# 01_benchmarking

This notebook compares the baseline performance of 12 algorithms on the SEO-Effect dataset. The performance is evaluated by measuring the following evaluation metrics: Accuracy, ROC AUC (One-vs-One), Macro Precision, Macro Recall, Macro F1, as well as Fit and Train Time.

The algorithms are selected from the ["scikit-learn algorithm cheat-sheet"](https://scikit-learn.org/stable/_static/ml_map.png) to compare a broad spectrum of different classification methods.

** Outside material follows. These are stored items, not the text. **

lemma psd_mat_spectral_iff: assumes V: "unitary_mat n V" and A: "A = V * real_diag_mat n d * adj_mat V"
  shows "psd_mat n A \<longleftrightarrow> (\<forall>k<n. d k \<ge> 0)"
proof
  assume psd: "psd_mat n A"
  show "\<forall>k<n. d k \<ge> 0"
  proof (intro allI impI)
    fix k assume k: "k < n"
    have Vc: "V \<in> carrier_mat n n" using V unitary_mat_carrier by auto
    let ?v = "V *\<^sub>v unit_vec n k"
    have v: "?v \<in> carrier_vec n" using Vc mult_mat_vec_carrier[of V n n "unit_vec n k"] by simp
    have "cinner ?v (A *\<^sub>v ?v) = complex_of_real (d k)"
      using cinner_spectral[OF V A v] adj_unitary_mult_unitary_vec[OF V k] sum_unit_vec_cmod_sq[OF k] by simp
    moreover have "Re (cinner ?v (A *\<^sub>v ?v)) \<ge> 0" using psd v unfolding psd_mat_def cinner_def by auto
    ultimately show "d k \<ge> 0" by simp
  qed
next
  assume d: "\<forall>k<n. d k \<ge> 0"
  have Vc: "V \<in> carrier_mat n n" using V unitary_mat_carrier by auto
  have Ac: "A \<in> carrier_mat n n" unfolding A using Vc by (intro mult_mult_carrier_mat, auto)
  have "Re (cinner v (A *\<^sub>v v)) \<ge> 0" if v: "v \<in> carrier_vec n" for v
    using cinner_spectral[OF V A v] d by (auto intro!: sum_nonneg)
  thus "psd_mat n A" unfolding psd_mat_def cinner_def[symmetric] using Ac hermitian_of_spectral[OF V A] by auto
qed

lemma psd_matD: "psd_mat n A \<Longrightarrow> A \<in> carrier_mat n n \<and> adj_mat A = A"
  by (simp add: psd_mat_def)

lemma psd_mat_spectral: assumes "psd_mat n A"
  shows "\<exists>V d. unitary_mat n V \<and> A = V * real_diag_mat n d * adj_mat V
     \<and> adj_mat V * A * V = real_diag_mat n d \<and> (\<forall>k<n. d k \<ge> 0)"
proof -
  obtain V d where V: "unitary_mat n V" and A: "A = V * real_diag_mat n d * adj_mat V"
    and D: "adj_mat V * A * V = real_diag_mat n d"
    using hermitian_spectral_decomposition[of A n] psd_matD[OF assms] by blast
  show ?thesis using V A D psd_mat_spectral_iff[OF V A] assms by blast
qed

lemma psd_mat_form_nonneg: assumes "psd_mat n P" "v \<in> carrier_vec n"
  shows "cinner v (P *\<^sub>v v) = complex_of_real (Re (cinner v (P *\<^sub>v v))) \<and> Re (cinner v (P *\<^sub>v v)) \<ge> 0"
proof -
  obtain V d where V: "unitary_mat n V" and A: "P = V * real_diag_mat n d * adj_mat V"
    and d: "\<forall>k<n. d k \<ge> 0" using psd_mat_spectral[OF assms(1)] by blast
  show ?thesis using cinner_spectral[OF V A assms(2)] d by (auto intro!: sum_nonneg)
qed

lemma psd_mat_form_eq_0: assumes "psd_mat n P" "v \<in> carrier_vec n" "cinner v (P *\<^sub>v v) = 0"
  shows "P *\<^sub>v v = 0\<^sub>v n"
proof -
  obtain V d where V: "unitary_mat n V" and A: "P = V * real_diag_mat n d * adj_mat V"
    and d: "\<forall>k<n. d k \<ge> 0" using psd_mat_spectral[OF assms(1)] by blast
  have Vc: "V \<in> carrier_mat n n" using V unitary_mat_carrier by auto
  have aVc: "adj_mat V \<in> carrier_mat n n" using Vc by simp
  let ?D = "real_diag_mat n d"
  let ?y = "adj_mat V *\<^sub>v v"
  have y: "?y \<in> carrier_vec n" using aVc assms(2) mult_mat_vec_carrier[of "adj_mat V" n n v] by simp
  have "complex_of_real (\<Sum>k<n. d k * (cmod (?y $ k))^2) = 0"
    by (metis cinner_spectral[OF V A assms(2)] assms(3))
  hence "(\<Sum>k<n. d k * (cmod (?y $ k))^2) = 0" by (simp only: of_real_eq_0_iff)
  hence z: "d k * (cmod (?y $ k))^2 = 0" if "k < n" for k
    using sum_nonneg_eq_0_iff[of "{..<n}" "\<lambda>k. d k * (cmod (?y $ k))^2"] d that by auto
  have Dy: "?D *\<^sub>v ?y = 0\<^sub>v n"
  proof (rule eq_vecI)
    fix k assume "k < dim_vec (0\<^sub>v n)" hence k: "k < n" by simp
    have "d k = 0 \<or> ?y $ k = 0" using z[OF k] by auto
    thus "(?D *\<^sub>v ?y) $ k = 0\<^sub>v n $ k" using k y by (auto simp: mat_diag_mult_vec)
  qed simp
  have "P *\<^sub>v v = (V * ?D) *\<^sub>v ?y"
    unfolding A using Vc assms(2) aVc by (intro assoc_mult_mat_vec[of _ n n _ n], auto)
  also have "\<dots> = V *\<^sub>v (?D *\<^sub>v ?y)"
    using Vc y by (intro assoc_mult_mat_vec[of _ n n _ n], auto)
  also have "\<dots> = 0\<^sub>v n" unfolding Dy using Vc by (rule mult_mat_vec_zero)
  finally show ?thesis .
qed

Custom parameters are kept to a minimum. max_iteration is limited to 100, max_depth to 10, n_neighbors are 4, while the outlier_label is set to 5. The penalty option is set to l2 and the random state is set to 22. This is done to limit run time or because a parameter needs to be set.

The algorithms are cross validated by splitting the data into five stratified shuffle splits, with a test size of 66%. The mean of each metric as well the standard deviation is saved to a dataframe and stored in <code>output/01_benchmarking.csv</code>.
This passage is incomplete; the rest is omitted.